Bilhete-postal enviado por Maria Celeste Leitão

Revelou-se uma verdadeira aventura desde o momento do embarque no avião em Lisboa até ao nosso regresso. Foram tantas as peripécias… o programa que comprámos teve pouco a ver com o programa em que fomos inseridos, por ter havido mudança de datas (o avião não saiu no dia programado porque de repente surgiu um nevoeiro cerrado), de voos, de percursos. Fomos incluídos no programa de um grupo de alemães, o que se revelou surpreendente, pela positiva, e nos levou a visitar sítios que de outro modo ficariam desconhecidos para nós.

O que se segue é o relato de uma das nossas muitas aventuras.

O barco saiu do Assuão, fez o percurso habitual pelo Nilo, parou em Luxor (onde normalmente terminava a viagem de cruzeiro) e continuou, deslizando suavemente, para Qena onde ficou acostado para passarmos aí a noite.
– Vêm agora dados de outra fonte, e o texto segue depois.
(* Let $d,d_\pi\ge1$, $\alpha,\beta,\beta'\in\mathbb{R}$, and let $e$ be a random transition with associated random vectors $\phi_e\in\mathbb{R}^d$ and $\Delta_e\in\mathbb{R}^d$ with $\mathbb{E}_e[\phi_e\Delta_e^\top]=-M$ for a matrix $M\in\mathbb{R}^{d\times d}$. Let $H_w\in\mathbb{R}^{d_\pi\times d}$, $H_\psi\in\mathbb{R}^{d_\pi\times d_\pi}$, and define block matrices on $\mathbb{R}^d\times\mathbb{R}^{d_\pi}$ \[B_e=\begin{pmatrix}I+\alpha\phi_e\Delta_e^\top&0\\0&I\end{pmatrix},\qquad A_0=\begin{pmatrix}(1-\beta')I&0\\\beta H_w&I+\beta H_\psi\end{pmatrix},\] and $\bar\Sigma:=\mathbb{E}_e[A_0B_e-B_eA_0]$. Then the null space of $\bar\Sigma$ contains the entire policy subspace $\{(0,x_\psi):x_\psi\in\mathbb{R}^{d_\pi}\}$.
   Context: Setting (linear actor-critic): state $\theta=(w,\psi)\in\mathbb{R}^d\times\mathbb{R}^{d_\pi}$ in coordinates centred at an equilibrium $\theta^\star=0$. The expansion is the TD update $P_e(w,\psi)=(w+\alpha\delta(w,e)\phi(s,a),\psi)$ with TD error $\delta(w,e)=r+\gamma_{\mathrm{RL}}\phi(s',a')^\top w-\phi(s,a)^\top w$ for a transition $e=(s,a,r,s')$ (with $a'$ the next action), $\phi_e=\phi(s,a)$, $\Delta_e=\gamma_{\mathrm{RL}}\phi(s',a')-\phi_e$; thus $B_e=DP_e(\theta^\star)$. The baseline consolidation is $Q_0(w,\psi)=((1-\beta')w,\psi+\beta H(w+w^\star,\psi+\psi^\star))$ with $H(w^\star,\psi^\star)=0$, $H_w,H_\psi$ the partial Jacobians of $H$ at the equilibrium, so $A_0=DQ_0(\theta^\star)$. $\bar\Sigma$ is the first-moment commutator Jacobian. *)

theory Defs
  imports "HOL-Analysis.Analysis" "HOL-Probability.Probability"
begin

definition outer :: "real^'n \<Rightarrow> real^'m \<Rightarrow> real^'m^'n" where
  "outer u v = (\<chi> i j. u $ i * v $ j)"

text \<open>Block matrix [[P, Q], [R, S]] acting on R^d x R^dpi, with coordinates
  indexed by the sum type 'd + 'p (Inl = critic block w, Inr = policy block psi).\<close>
definition block ::
  "real^'d^'d \<Rightarrow> real^'p^'d \<Rightarrow> real^'d^'p \<Rightarrow> real^'p^'p \<Rightarrow> real^('d + 'p)^('d + 'p)" where
  "block P Q R S = (\<chi> i j. case i of
      Inl a \<Rightarrow> (case j of Inl b \<Rightarrow> P $ a $ b | Inr b \<Rightarrow> Q $ a $ b)
    | Inr a \<Rightarrow> (case j of Inl b \<Rightarrow> R $ a $ b | Inr b \<Rightarrow> S $ a $ b))"

definition pair_vec :: "real^'d \<Rightarrow> real^'p \<Rightarrow> real^('d + 'p)" where
  "pair_vec xw xp = (\<chi> i. case i of Inl a \<Rightarrow> xw $ a | Inr b \<Rightarrow> xp $ b)"

definition B_e :: "real \<Rightarrow> real^'d::finite \<Rightarrow> real^'d \<Rightarrow> real^('d + 'p::finite)^('d + 'p)" where
  "B_e \<alpha> \<phi> \<Delta> = block (mat 1 + \<alpha> *\<^sub>R outer \<phi> \<Delta>) 0 0 (mat 1)"

definition A_0 :: "real \<Rightarrow> real \<Rightarrow> real^'d^'p \<Rightarrow> real^'p^'p \<Rightarrow> real^('d + 'p)^('d + 'p)" where
  "A_0 \<beta> \<beta>' Hw Hpsi = block ((1 - \<beta>') *\<^sub>R mat 1) 0 (\<beta> *\<^sub>R Hw) (mat 1 + \<beta> *\<^sub>R Hpsi)"

end

theory Submission
  imports Defs
begin

text \<open>Scalar multiples of the identity commute with everything, so the critic blocks of
  \<open>A_0 B_e\<close> and \<open>B_e A_0\<close> agree, and \<open>B_e\<close> is the identity on the policy block; hence the
  commutator \<open>A_0 B_e - B_e A_0\<close> is, for every transition, the block matrix whose only
  nonzero block is \<open>\<alpha> \<beta> H_w \<phi>_e \<Delta>_e\<^sup>T\<close> in the lower left corner. It annihilates every vector
  \<open>(0, x_\<psi>)\<close>, and so does its expectation, since evaluation at a fixed vector is a bounded
  linear map and commutes with the Bochner integral (a non-integrable function has integral 0).\<close>

lemma sum_UNIV_Plus:
  fixes g :: "'a::finite + 'b::finite \<Rightarrow> 'c::comm_monoid_add"
  shows "sum g UNIV = (\<Sum>a\<in>UNIV. g (Inl a)) + (\<Sum>b\<in>UNIV. g (Inr b))"
  using sum.Plus[of "UNIV :: 'a set" "UNIV :: 'b set" g] by (simp add: comp_def)

lemma block_mult:
  "block P Q R S ** block P' Q' R' S' =
     block (P ** P' + Q ** R') (P ** Q' + Q ** S') (R ** P' + S ** R') (R ** Q' + S ** S')"
  by (simp add: vec_eq_iff matrix_matrix_mult_def block_def sum_UNIV_Plus split: sum.split)

lemma block_diff:
  "block P Q R S - block P' Q' R' S' = block (P - P') (Q - Q') (R - R') (S - S')"
  by (simp add: vec_eq_iff block_def split: sum.split)

lemma block_mult_pair_vec:
  "block P Q R S *v pair_vec x y = pair_vec (P *v x + Q *v y) (R *v x + S *v y)"
  by (simp add: vec_eq_iff matrix_vector_mult_def block_def pair_vec_def sum_UNIV_Plus
      split: sum.split)

lemma pair_vec_zero [simp]: "pair_vec 0 0 = 0"
  by (simp add: vec_eq_iff pair_vec_def split: sum.split)

lemma A_0_B_e_commutator:
  "A_0 \<beta> \<beta>' Hw Hpsi ** B_e \<alpha> \<phi> \<Delta> - B_e \<alpha> \<phi> \<Delta> ** A_0 \<beta> \<beta>' Hw Hpsi =
     block 0 0 ((\<alpha> * \<beta>) *\<^sub>R (Hw ** outer \<phi> \<Delta>)) 0"
  by (simp add: A_0_def B_e_def block_mult block_diff matrix_add_ldistrib matrix_scalar_ac
      scalar_matrix_assoc[symmetric] scaleR_add_right mult.commute)

lemma bounded_linear_matrix_vector_mult_left:
  "bounded_linear (\<lambda>A :: real^'n::finite^'m::finite. A *v x)"
  by (rule bounded_linearI'; simp add: matrix_vector_mult_add_rdistrib scaleR_matrix_vector_assoc)

lemma bounded_linear_integral_eq_zero:
  fixes T :: "'a::{banach, second_countable_topology} \<Rightarrow> 'b::{banach, second_countable_topology}"
  assumes T: "bounded_linear T" and zero: "\<And>x. x \<in> space M \<Longrightarrow> T (f x) = 0"
  shows "T (integral\<^sup>L M f) = 0"
proof (cases "integrable M f")
  case True
  have "T (integral\<^sup>L M f) = integral\<^sup>L M (\<lambda>x. T (f x))"
    using integral_bounded_linear[OF T True] by simp
  also have "\<dots> = integral\<^sup>L M (\<lambda>_. 0)"
    by (rule Bochner_Integration.integral_cong) (simp_all add: zero)
  finally show ?thesis
    by simp
next
  case False
  then show ?thesis
    using linear_0[OF bounded_linear.linear[OF T]] by (simp add: not_integrable_integral_eq)
qed

theorem theorem4p24:
  fixes Pr :: "'e measure"
    and \<phi> \<Delta> :: "'e \<Rightarrow> real^'d"
    and M :: "real^'d^'d"
    and Hw :: "real^'d^'p" and Hpsi :: "real^'p^'p"
    and \<alpha> \<beta> \<beta>' :: real
  assumes "prob_space Pr"
    and "integrable Pr (\<lambda>e. outer (\<phi> e) (\<Delta> e))"
    and "prob_space.expectation Pr (\<lambda>e. outer (\<phi> e) (\<Delta> e)) = - M"
  defines "Sigma_bar \<equiv> prob_space.expectation Pr
      (\<lambda>e. A_0 \<beta> \<beta>' Hw Hpsi ** (B_e \<alpha> (\<phi> e) (\<Delta> e) :: real^('d + 'p)^('d + 'p))
         - B_e \<alpha> (\<phi> e) (\<Delta> e) ** A_0 \<beta> \<beta>' Hw Hpsi)"
  shows "\<forall>x\<psi> :: real^'p. Sigma_bar *v pair_vec (0 :: real^'d) x\<psi> = 0"
proof
  fix x\<psi> :: "real^'p"
  show "Sigma_bar *v pair_vec (0 :: real^'d) x\<psi> = 0"
    unfolding Sigma_bar_def
    by (rule bounded_linear_integral_eq_zero[OF bounded_linear_matrix_vector_mult_left])
      (simp add: A_0_B_e_commutator block_mult_pair_vec)
qed

end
O grupo de Portugueses (nós dois e um casal com a filha de 18 anos) decidiu sair para visitar a cidade que se via da margem, antes do jantar. Fomos avisados que o dia estava a findar e seria pouco recomendável andar por nossa conta naquela terra. Mas achámos que alugando uma charrete (havia um par delas junto à margem), e regressando ainda de dia, não haveria problema. E lá fomos, alegres e orgulhosos da nossa coragem, pois fomos os únicos a sair.

Quem conduzia a charrete era um jovem egípcio que falava inglês e que logo se prontificou a acompanhar-nos numa visita à mesquita da vila, com todo o prazer.

Ao chegar à cidade havia uma multidão de gente nas ruas poeirentas, cheias de banquetas com produtos hortícolas ou carne, tudo exposto, tudo cheio de moscas, numa alegre confusão de cheiros e cores e burburinho de vozes e fumo.

Vimos muita gente a olhar para nós com ar surpreendido e nós começamos a sentirmo-nos desconfortáveis.

Parámos junto à mesquita. Tirámos os sapatos e deixámo-los junto a tantos outros, à porta. Todos pensámos que quando regressássemos não estariam lá, de certeza. Ficámos junto à porta da entrada, do lado de dentro, e percebemos que deveria estar a decorrer uma cerimónia.

O guia estava a falar baixinho com alguém mas nós rapidamente percebemos que algo não estava bem. E não estava, porque surgiu um homem, com ar superior e furioso, direito a nós a apontar para a porta da rua e concluímos que não deveríamos ter entrado naquelas circunstâncias. Preocupados, procurámos os nossos sapatos, que não tinham desaparecido, e o guia levou-nos logo para a charrete, com ar apreensivo, levando-nos de volta ao barco.

O sol estava a pôr-se e o ar estava sereno, e nós a respirar fundo e a usufruir da paisagem inóspita. De repente, ainda distante do cais, surgiram, dos arbustos, dois homens que ficaram parados no meio da estrada. O nosso guia parecia assustado e disse-nos que não podia seguir em frente, que tínhamos de descer e ir a pé para o barco. Nós dissemos que não, que tínhamos pago a viagem de ida e volta e que ele tinha mesmo de nos levar. A mão do meu marido segurava a minha com força e transpirava. O meu coração galopava. Só pensava que não havia de ser nada, que tudo correria bem. Afinal nós éramos 3 homens e 3 mulheres…

Não sei o que aconteceu, se houve troca de olhares entre o condutor e os aparentes “salteadores”, ou o que quer pudesse ter sido, mas continuámos, em modo acelerado, e os desconhecidos desviaram-se do meio da estrada e nós passámos sem para eles olhar…

Os últimos metros a pé até ao barco foram os mais longos da minha vida e eu tive a sensação nítida que um anjo teria estado a proteger-nos nas “longas” horas do curto percurso.